The third series of images by Diaz, the night views, shows several tumbledown architectural wonders designed in the 1930s by the Argentine modern architect-engineer Francisco Salamone. They are midsized prints, the process (gum bichromate) of which yields a stippled and painterly chiaroscuro of form. Taken at night, the photographs seem eerily old, as though, following the short life of celluloid, they are disintegrating back into the darkness of night before your eyes. The architectural form that Diaz chooses to shoot is fanciful but highly inventive, the deco-like finial of "Matadero Cahrue" looking more like the antenna of a space ship than a modern campanile. While the buildings he has shot are truly out of this world, the process here verges on being sappy and nostalgic.

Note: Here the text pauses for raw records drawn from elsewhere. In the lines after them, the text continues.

lemma abs_add_powr_le_split:
  fixes p t x y :: real
  assumes p: "1 \<le> p" and t: "0 < t" "t < 1"
  shows "\<bar>x + y\<bar> powr p \<le> (1 - t) powr (1 - p) * \<bar>x\<bar> powr p + t powr (1 - p) * \<bar>y\<bar> powr p"
proof -
  define u where "u = \<bar>x\<bar> / (1 - t)"
  define v where "v = \<bar>y\<bar> / t"
  define z where "z = (1 - t) * u + t * v"
  have u: "0 \<le> u" and v: "0 \<le> v" and z: "z = \<bar>x\<bar> + \<bar>y\<bar>"
    using t by (auto simp: u_def v_def z_def)
  have "\<bar>x + y\<bar> powr p \<le> z powr p"
    using z p by (auto intro!: powr_mono2 abs_triangle_ineq)
  also have "z powr p \<le> (1 - t) * u powr p + t * v powr p"
  proof (cases "z = 0")
    case True
    then show ?thesis using u v t by simp
  next
    case False
    then have "0 < z" using z by simp
    \<comment> \<open>average the tangent lines of \<open>s powr p\<close> at \<open>z\<close>, taken at \<open>u\<close> and \<open>v\<close>\<close>
    from powr_ge_tangent[OF p this u] powr_ge_tangent[OF p this v] t
    have "(1 - t) * (z powr p + p * z powr (p - 1) * (u - z))
          + t * (z powr p + p * z powr (p - 1) * (v - z))
        \<le> (1 - t) * u powr p + t * v powr p"
      by (intro add_mono mult_left_mono) auto
    also have "(1 - t) * (z powr p + p * z powr (p - 1) * (u - z))
          + t * (z powr p + p * z powr (p - 1) * (v - z)) = z powr p"
      unfolding z_def by (simp add: algebra_simps)
    finally show ?thesis .
  qed
  also have "(1 - t) * u powr p = (1 - t) powr (1 - p) * \<bar>x\<bar> powr p"
    using t by (simp add: u_def powr_divide powr_diff field_simps)
  also have "t * v powr p = t powr (1 - p) * \<bar>y\<bar> powr p"
    using t by (simp add: v_def powr_divide powr_diff field_simps)
  finally show ?thesis .
qed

There is more than fun and scientific high jinks to the work of Diaz. Because he chooses to focus his image-making on urban subject matter, his work tends to take on a much more global air. The familiarity of their subject matter tells us something about the status of economic and urban development in Argentina, that it, like our own, follows from technologies of decentralized manufacturing that give rise to various cultures of sprawl. Pundits of culture will tell you that this familiarity and shared visual vocabulary are evidence of the ever-increasing homogenization of the world--that everything is fast becoming the same. But take heart, I say. Ann was no Eva, and W. will never be Che.